ATA Chief Economist Bob Costello (John Sommers II for Transport Topics)

He followed that with a caveat.

“Here’s the thing, folks. I just told you all that. I don’t use GDP to forecast trucking because there’s a lot of different stuff in there.”

Instead, Costello looks at consumer spending, construction activity and industrial production to get a general forecast of the freight industry. He concedes that the three categories are overly simplistic and there are a lot of subcategories in each. But they give a good general view.

“Retail sales are up this year over 20%,” Costello said. “You had people get stimulus checks and if they weren’t working they got the higher unemployment benefits. Those of us who were employed generally were doing OK. But even those that were not employed had money coming in, and they were spending that money.”

He added that last year and even into this year amid pandemic conditions people were buying a lot of goods because they weren’t buying a lot of services. That also had an impact on construction activity. Costello noted the country is going to build more new homes this year than in any year since 2007. But despite this, more homes are needed to match freight needs.


Cari Baylor of  Baylor Trucking (John Sommers II for Transport Topics

“Business is good,” said Cari Baylor, president of Baylor Trucking. “We’ve seen strong volumes and rising rates consistent all year. For fall freight, I think it’s going to be a peak season like we’ve never seen before. One of the things that we learned last year is because of the labor constraints, although the volume was there, we couldn’t get our trailers emptied.”

Baylor added that was a significant issue and so she took all of those variables that she learned and put it into her 2021 Q4 forecast. She then provided capacity numbers to her shippers and new pricing.

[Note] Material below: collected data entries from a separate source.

(* Let $0<a_0<1\le C_0<\infty$, $\lambda_{univ}=\sqrt{(2/n)\log p}$ and $s=a_0n/\log p$. Suppose that $$\inf_{\delta}\sup_{\beta}\Big\{\|\delta(X,y)-\beta\|_2^2:\ y=X\beta,\ \textstyle\sum_{j=1}^p\min(|\beta_j|/\lambda_{univ},1)\le s+1\Big\}\le 2C_0 s(\log p)/n,$$ where the infimum is over all maps $\delta:(X,y)\mapsto\delta(X,y)\in\mathbb{R}^p$. Then the values $\eta_j^*$ produced by Step 1 of the score-selection algorithm (with default input $\eta_j^*=\sqrt{2\log p}$ and $\kappa_1\in(0,1]$) satisfy $\max_{j\le p}\eta_j^*\le(1+\kappa_1)\sqrt{(4C_0/a_0)\log p}$.
   Context: $X=(x_1,\dots,x_p)\in\mathbb{R}^{n\times p}$ is a deterministic matrix with columns normalized so that $\|x_j\|_2^2=n$ for all $j$; $X_{-j}$ denotes the $n\times(p-1)$ matrix with columns $x_k$, $k\neq j$. For $\lambda>0$ let $\hat\gamma_j(\lambda)\in\arg\min_{b\in\mathbb{R}^{p-1}}\{\|x_j-X_{-j}b\|_2^2/(2n)+\lambda\|b\|_1\}$, $z_j(\lambda)=x_j-X_{-j}\hat\gamma_j(\lambda)$, $\eta_j(\lambda)=\max_{k\neq j}|x_k^Tz_j(\lambda)|/\|z_j(\lambda)\|_2$, $\tau_j(\lambda)=\|z_j(\lambda)\|_2/|x_j^Tz_j(\lambda)|$. Score-selection algorithm (for fixed $j$): Input: an upper bound $\eta_j^*$ (default $\sqrt{2\log p}$), tuning parameters $\kappa_0\in[0,1]$, $\kappa_1\in(0,1]$. Step 1: if $\eta_j(\lambda)>\eta_j^*$ for all $\lambda>0$, reset $\eta_j^*\leftarrow(1+\kappa_1)\inf_{\lambda>0}\eta_j(\lambda)$; then set $\lambda\leftarrow\max\{\lambda:\eta_j(\lambda)\le\eta_j^*\}$, $\eta_j^*\leftarrow\eta_j(\lambda)$, $\tau_j^*\leftarrow\tau_j(\lambda)$. Step 2: $\lambda_j\leftarrow\min\{\lambda:\tau_j(\lambda)\le(1+\kappa_0)\tau_j^*\}$. Output: $\lambda_j$, $z_j=z_j(\lambda_j)$, $\tau_j=\tau_j(\lambda_j)$, $\eta_j=\eta_j(\lambda_j)$. *)

theory Defs
  imports "HOL-Analysis.Analysis"
begin

text \<open>Design matrix X is n x p: type real^'p^'n (rows indexed by 'n, columns by 'p).  A vector b in R^{p-1} indexed by k /= j is represented
  as a vector b :: real^'p with b$j = 0, so that X_{-j} b = X *v b.\<close>

definition lasso_obj :: "real^'p^'n \<Rightarrow> 'p \<Rightarrow> real \<Rightarrow> real^'p \<Rightarrow> real" where
  "lasso_obj X j lam b =
     (norm (column j X - X *v b))\<^sup>2 / (2 * real CARD('n)) + lam * (\<Sum>k\<in>UNIV - {j}. \<bar>b $ k\<bar>)"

“I think it’s going to be exceptional,” Baylor said. “I know a lot of families are pre-ordering their holiday merchandise, hoarding and stocking up on holiday gifts. So I think that’s going to have an impact. But I do think it will be a peak season like we haven’t seen before.”

“Even manufacturing is doing well,” Costello said. “We’re going to talk about the supply chain. You heard it yesterday. It’s been a theme, obviously, throughout this conference. But even with those problems, we’re still up 7.3% this year. Now some of that’s easy comparisons, no doubt about it, from a softer period before. But in the end, we’re going to build more stuff in the U.S.”

Costello highlighted that there still are problems impacting the trucking industry despite the generally good broader trends. Total for-hire contracted truckload freight loads are down 3.9% since last year. But spot market load postings are up 35%. Less-than-truckload tonnage is up 8.3%.

“I just told you the economy is good,” Costello said. “And yet … contract freight is off this year. That is a supply-side story. So where are those loads going? Are shippers going to the contract carriers? It’s going to the spot.”

Costello added that LTL also is benefiting because shippers are trying to get those loads moved and they’re moving some goods over to the LTL sector. E-commerce is helping LTL as well, he noted.


Shameek Konar of Pilot Flying J (John Sommers II for Transport Topics)

Pilot Flying J CEO Shameek Konar is facing the markets on different fronts, having travel centers and a fleet of trucks within his business.

“For us, it’s almost two different stories,” Konar said. “I think when we look at the industry, it feels like diesel volumes are down 3% from 2019. And that’s a combination of a variety of factors. Everything from truck shortages, driver shortages and so on. On the gasoline side, it doesn’t feel like the economy is back to what we had experienced back in 2019.”

Konar added that he makes comparisons to 2019 because some 2020 numbers are easy to beat. So it doesn’t give as clear a picture of current conditions.

“We sell a lot of retail merchandise and food,” Konar said. “Retail sales are up pretty substantially … and I think we were working as a surrogate for grocery stores at times. But on the other side … we are struggling from a supply chain perspective. We do not have as many drivers as we may need.”